Items listed in a dataset:

lemma c_antimono:
  assumes "i \<le> j" and "j \<le> D"
  shows "c j \<le> c i"
  using assms
proof (induction j rule: dec_induct)
  case (step n)
  have "c (Suc n) \<le> c n"
  proof (cases "n = 0")
    case True
    then show ?thesis using c_bounds[of 1] D_pos c_0 by simp
  next
    case False
    then show ?thesis
      using c_bounds[of n] c_bounds[of "Suc n"] step.prems by (simp add: order_trans)
  qed
  then show ?case using step by simp
qed simp

lemma c_nonneg: "i \<le> D \<Longrightarrow> 0 \<le> c i"
  using c_antimono[of i D] c_D by (simp add: order_trans[rotated])

lemma c_rec_le: "k < D \<Longrightarrow> real k * c k + c (Suc k) \<le> 1"
  using c_rec[of k] c_antimono[of 0 1] c_0 by (cases "k = 0") auto

lemma c_rec_le_shifted:
  assumes "k < D"
  shows "c k + real k * c (Suc k) \<le> 1"
proof (cases "k = 0")
  case True
  then show ?thesis using c_0 by simp
next
  case False
  have "(real k - 1) * c (Suc k) \<le> (real k - 1) * c k"
    using False assms c_antimono[of k "Suc k"] by (intro mult_left_mono) auto
  then show ?thesis using c_rec[of k] False assms by (simp add: algebra_simps)
qed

Aim of the exercise
Wherever the word "using" appears in the entries above, copy that line.

Written answer
  using assms
    then show ?thesis using c_bounds[of 1] D_pos c_0 by simp
      using c_bounds[of n] c_bounds[of "Suc n"] step.prems by (simp add: order_trans)
  then show ?case using step by simp
  using c_antimono[of i D] c_D by (simp add: order_trans[rotated])
  using c_rec[of k] c_antimono[of 0 1] c_0 by (cases "k = 0") auto
  then show ?thesis using c_0 by simp
    using False assms c_antimono[of k "Suc k"] by (intro mult_left_mono) auto
  then show ?thesis using c_rec[of k] False assms by (simp add: algebra_simps)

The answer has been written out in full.